Work request: Each line below containing the word "forall" needs to be shown.
--- Records to use ---
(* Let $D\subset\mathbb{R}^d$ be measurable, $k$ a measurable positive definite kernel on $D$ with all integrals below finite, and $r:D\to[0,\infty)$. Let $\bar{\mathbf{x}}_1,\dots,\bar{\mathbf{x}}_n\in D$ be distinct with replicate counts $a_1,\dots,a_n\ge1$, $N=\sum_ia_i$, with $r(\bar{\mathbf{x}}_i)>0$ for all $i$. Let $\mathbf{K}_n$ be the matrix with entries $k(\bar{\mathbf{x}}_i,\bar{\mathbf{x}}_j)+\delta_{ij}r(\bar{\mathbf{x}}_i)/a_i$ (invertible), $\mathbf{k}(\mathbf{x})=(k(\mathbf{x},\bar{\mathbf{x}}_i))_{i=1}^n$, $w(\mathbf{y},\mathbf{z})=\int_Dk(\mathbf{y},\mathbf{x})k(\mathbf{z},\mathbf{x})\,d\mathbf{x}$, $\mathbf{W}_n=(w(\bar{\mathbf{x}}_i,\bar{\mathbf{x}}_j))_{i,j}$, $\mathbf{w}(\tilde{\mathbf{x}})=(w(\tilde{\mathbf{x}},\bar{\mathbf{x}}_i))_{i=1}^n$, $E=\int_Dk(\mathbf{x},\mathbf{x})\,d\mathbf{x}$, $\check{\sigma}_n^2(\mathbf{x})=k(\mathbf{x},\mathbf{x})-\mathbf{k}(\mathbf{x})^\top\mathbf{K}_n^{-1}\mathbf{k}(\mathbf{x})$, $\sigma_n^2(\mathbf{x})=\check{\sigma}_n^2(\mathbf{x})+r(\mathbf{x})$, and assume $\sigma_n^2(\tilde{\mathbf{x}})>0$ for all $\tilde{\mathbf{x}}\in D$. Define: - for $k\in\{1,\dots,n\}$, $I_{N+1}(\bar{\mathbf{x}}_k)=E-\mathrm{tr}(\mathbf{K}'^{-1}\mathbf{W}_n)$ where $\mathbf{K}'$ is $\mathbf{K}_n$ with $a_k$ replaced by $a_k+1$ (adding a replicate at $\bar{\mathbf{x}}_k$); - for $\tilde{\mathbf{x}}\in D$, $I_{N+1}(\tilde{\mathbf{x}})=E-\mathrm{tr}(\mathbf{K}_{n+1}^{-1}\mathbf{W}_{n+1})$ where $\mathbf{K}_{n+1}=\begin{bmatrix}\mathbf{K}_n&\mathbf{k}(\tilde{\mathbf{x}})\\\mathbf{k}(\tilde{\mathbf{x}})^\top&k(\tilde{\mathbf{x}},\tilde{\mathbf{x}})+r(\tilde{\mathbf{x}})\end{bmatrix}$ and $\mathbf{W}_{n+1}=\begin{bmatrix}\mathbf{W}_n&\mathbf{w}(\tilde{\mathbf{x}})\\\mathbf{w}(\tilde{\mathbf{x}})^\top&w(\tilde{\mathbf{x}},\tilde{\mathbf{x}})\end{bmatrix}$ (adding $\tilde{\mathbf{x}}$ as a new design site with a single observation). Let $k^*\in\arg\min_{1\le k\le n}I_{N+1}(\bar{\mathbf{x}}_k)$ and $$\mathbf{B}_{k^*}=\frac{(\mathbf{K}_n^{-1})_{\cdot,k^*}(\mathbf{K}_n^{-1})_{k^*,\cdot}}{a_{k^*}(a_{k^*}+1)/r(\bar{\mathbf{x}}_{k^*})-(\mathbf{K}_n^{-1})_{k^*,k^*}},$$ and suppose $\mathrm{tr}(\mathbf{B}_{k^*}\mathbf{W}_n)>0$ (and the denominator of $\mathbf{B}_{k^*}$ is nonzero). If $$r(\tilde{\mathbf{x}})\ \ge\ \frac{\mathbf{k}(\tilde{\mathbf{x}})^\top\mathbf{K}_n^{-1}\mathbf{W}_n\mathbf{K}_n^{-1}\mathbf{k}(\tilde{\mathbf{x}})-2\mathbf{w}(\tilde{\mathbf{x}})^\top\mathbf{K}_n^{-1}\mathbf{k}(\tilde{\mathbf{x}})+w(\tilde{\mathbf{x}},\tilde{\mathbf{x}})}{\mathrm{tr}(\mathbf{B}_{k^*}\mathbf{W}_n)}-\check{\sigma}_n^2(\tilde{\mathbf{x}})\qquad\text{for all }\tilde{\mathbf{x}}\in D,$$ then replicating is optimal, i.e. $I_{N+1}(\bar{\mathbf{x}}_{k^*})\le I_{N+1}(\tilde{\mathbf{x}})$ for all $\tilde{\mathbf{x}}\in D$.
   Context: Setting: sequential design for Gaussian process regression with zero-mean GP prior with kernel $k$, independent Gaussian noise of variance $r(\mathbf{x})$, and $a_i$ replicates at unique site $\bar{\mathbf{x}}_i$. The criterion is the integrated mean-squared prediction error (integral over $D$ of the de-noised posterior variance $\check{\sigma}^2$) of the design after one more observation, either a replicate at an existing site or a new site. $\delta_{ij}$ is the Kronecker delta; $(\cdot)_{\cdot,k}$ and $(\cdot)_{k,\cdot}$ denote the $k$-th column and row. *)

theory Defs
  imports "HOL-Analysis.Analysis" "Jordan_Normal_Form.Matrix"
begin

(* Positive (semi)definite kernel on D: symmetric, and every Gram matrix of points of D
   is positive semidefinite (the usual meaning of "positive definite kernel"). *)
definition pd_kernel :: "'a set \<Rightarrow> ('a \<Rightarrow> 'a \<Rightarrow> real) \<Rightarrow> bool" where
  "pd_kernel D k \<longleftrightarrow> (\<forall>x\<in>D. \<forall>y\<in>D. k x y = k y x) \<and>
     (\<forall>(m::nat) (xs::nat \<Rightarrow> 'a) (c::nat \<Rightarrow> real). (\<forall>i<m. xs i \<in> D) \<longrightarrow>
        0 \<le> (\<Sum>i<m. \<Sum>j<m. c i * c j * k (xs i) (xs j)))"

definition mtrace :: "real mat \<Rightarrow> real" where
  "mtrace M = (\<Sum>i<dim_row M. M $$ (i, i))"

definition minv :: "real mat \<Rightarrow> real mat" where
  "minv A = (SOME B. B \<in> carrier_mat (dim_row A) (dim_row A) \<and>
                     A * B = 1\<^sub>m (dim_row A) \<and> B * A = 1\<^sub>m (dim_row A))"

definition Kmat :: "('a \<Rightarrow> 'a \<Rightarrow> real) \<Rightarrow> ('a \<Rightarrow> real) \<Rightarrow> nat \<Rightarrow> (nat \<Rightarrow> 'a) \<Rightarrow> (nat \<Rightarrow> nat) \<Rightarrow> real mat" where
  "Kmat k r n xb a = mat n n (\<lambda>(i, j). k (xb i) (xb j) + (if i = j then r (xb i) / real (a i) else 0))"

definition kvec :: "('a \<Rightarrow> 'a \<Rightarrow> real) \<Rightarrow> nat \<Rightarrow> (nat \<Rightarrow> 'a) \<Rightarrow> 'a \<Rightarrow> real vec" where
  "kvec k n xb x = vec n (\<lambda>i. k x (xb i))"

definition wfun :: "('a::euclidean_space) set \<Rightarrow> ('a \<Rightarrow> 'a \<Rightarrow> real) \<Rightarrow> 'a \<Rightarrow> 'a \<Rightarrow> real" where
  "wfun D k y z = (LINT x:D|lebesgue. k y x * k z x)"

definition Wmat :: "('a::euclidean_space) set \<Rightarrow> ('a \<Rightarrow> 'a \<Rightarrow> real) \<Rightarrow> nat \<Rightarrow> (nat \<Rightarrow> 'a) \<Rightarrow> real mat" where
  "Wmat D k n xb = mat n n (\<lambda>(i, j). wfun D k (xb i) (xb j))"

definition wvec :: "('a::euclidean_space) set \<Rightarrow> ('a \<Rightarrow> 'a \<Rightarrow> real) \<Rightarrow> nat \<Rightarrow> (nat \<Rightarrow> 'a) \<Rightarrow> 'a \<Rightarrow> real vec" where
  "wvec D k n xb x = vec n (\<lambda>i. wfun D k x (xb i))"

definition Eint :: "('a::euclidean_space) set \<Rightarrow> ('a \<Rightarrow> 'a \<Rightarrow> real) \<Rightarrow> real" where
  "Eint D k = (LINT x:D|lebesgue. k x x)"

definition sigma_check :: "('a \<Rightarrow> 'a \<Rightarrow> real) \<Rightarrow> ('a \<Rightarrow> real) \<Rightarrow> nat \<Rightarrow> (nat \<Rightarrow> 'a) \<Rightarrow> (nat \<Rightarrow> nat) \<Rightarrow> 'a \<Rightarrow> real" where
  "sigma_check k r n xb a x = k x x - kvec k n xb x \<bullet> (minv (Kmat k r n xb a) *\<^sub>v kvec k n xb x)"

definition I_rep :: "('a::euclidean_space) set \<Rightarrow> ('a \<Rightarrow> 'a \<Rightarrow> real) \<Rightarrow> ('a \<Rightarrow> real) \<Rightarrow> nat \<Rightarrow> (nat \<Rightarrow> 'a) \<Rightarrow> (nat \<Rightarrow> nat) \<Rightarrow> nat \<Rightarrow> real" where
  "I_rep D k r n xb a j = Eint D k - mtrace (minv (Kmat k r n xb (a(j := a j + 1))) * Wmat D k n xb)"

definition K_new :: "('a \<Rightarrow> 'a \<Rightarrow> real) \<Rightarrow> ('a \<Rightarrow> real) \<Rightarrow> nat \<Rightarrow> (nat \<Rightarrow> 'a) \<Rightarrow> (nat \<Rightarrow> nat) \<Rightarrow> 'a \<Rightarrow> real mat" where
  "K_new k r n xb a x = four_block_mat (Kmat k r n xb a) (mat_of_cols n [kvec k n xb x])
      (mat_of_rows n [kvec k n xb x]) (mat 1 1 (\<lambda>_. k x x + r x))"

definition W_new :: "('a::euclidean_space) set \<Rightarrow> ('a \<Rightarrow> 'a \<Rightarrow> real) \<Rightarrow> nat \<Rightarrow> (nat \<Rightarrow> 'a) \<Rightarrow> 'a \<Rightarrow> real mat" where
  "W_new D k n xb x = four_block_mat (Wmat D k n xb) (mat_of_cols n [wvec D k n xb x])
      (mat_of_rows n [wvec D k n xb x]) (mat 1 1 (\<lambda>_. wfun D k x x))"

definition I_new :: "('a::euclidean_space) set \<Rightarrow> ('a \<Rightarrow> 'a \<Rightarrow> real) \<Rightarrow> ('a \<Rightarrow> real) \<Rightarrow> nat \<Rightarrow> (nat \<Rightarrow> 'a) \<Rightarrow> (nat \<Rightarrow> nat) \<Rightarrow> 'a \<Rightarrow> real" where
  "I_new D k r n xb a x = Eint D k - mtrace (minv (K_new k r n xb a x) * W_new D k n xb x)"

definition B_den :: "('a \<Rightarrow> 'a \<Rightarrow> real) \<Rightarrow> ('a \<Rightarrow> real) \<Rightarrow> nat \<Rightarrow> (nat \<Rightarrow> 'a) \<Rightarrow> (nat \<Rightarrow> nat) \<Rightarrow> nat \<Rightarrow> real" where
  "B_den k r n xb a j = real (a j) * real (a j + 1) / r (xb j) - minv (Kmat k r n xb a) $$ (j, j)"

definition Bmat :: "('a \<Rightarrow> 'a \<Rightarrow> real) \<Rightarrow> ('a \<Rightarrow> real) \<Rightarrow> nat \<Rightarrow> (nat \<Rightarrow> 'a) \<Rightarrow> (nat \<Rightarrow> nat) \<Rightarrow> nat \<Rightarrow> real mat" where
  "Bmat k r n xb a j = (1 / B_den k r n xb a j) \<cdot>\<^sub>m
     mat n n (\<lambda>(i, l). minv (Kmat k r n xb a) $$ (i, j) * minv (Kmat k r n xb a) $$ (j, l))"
---
Written answer:
  "pd_kernel D k \<longleftrightarrow> (\<forall>x\<in>D. \<forall>y\<in>D. k x y = k y x) \<and>
     (\<forall>(m::nat) (xs::nat \<Rightarrow> 'a) (c::nat \<Rightarrow> real). (\<forall>i<m. xs i \<in> D) \<longrightarrow>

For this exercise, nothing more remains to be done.